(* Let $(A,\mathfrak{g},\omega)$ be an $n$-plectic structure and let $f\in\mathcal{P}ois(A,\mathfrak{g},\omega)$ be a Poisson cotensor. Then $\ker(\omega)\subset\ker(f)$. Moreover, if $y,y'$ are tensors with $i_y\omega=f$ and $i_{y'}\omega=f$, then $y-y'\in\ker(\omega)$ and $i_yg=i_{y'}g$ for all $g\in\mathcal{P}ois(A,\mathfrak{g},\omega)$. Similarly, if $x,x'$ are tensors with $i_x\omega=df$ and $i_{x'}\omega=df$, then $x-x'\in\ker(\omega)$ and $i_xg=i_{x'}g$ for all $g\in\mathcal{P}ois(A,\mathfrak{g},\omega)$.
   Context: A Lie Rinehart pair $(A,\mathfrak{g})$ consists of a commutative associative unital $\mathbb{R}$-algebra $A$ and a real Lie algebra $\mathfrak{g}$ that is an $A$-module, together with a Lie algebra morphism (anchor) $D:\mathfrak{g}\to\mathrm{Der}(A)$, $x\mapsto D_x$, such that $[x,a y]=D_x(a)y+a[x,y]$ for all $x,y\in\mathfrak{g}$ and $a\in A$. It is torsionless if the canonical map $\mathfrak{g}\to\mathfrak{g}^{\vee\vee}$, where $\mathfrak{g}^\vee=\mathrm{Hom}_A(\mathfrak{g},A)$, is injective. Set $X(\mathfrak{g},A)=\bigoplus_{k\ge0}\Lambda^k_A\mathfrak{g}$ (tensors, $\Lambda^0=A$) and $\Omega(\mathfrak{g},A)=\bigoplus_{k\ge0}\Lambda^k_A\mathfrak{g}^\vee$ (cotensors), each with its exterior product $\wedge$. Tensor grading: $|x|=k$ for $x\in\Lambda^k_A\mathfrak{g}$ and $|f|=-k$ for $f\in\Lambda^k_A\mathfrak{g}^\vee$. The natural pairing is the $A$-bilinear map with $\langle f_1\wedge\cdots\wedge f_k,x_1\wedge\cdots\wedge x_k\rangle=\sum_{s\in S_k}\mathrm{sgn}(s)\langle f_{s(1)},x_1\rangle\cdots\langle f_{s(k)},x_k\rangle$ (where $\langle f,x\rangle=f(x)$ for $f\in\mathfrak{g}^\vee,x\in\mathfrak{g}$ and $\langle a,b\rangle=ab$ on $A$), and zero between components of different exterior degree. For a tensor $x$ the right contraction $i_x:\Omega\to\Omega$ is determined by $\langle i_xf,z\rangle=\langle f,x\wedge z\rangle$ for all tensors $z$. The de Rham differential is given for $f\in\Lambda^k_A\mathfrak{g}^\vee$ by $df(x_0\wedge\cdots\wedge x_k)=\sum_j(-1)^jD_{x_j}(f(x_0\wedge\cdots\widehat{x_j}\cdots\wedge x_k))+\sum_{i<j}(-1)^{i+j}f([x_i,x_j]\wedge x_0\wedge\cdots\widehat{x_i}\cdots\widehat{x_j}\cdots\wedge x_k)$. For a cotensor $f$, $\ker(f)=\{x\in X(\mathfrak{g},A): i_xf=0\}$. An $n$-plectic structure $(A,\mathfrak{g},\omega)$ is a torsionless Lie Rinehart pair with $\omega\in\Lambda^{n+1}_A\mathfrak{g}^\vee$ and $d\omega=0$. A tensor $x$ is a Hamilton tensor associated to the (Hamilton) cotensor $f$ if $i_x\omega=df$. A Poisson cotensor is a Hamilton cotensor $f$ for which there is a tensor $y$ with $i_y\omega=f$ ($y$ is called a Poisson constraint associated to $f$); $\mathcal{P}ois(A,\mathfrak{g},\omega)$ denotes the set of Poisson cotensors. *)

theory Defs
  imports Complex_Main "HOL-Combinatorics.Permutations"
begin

▶ [The problem]:
Your reply should consist only of the lines from the one containing "theory Defs" through the last line of the records, each reproduced exactly.

▶ [Answer box]:
theory Defs
  imports Complex_Main "HOL-Combinatorics.Permutations"
begin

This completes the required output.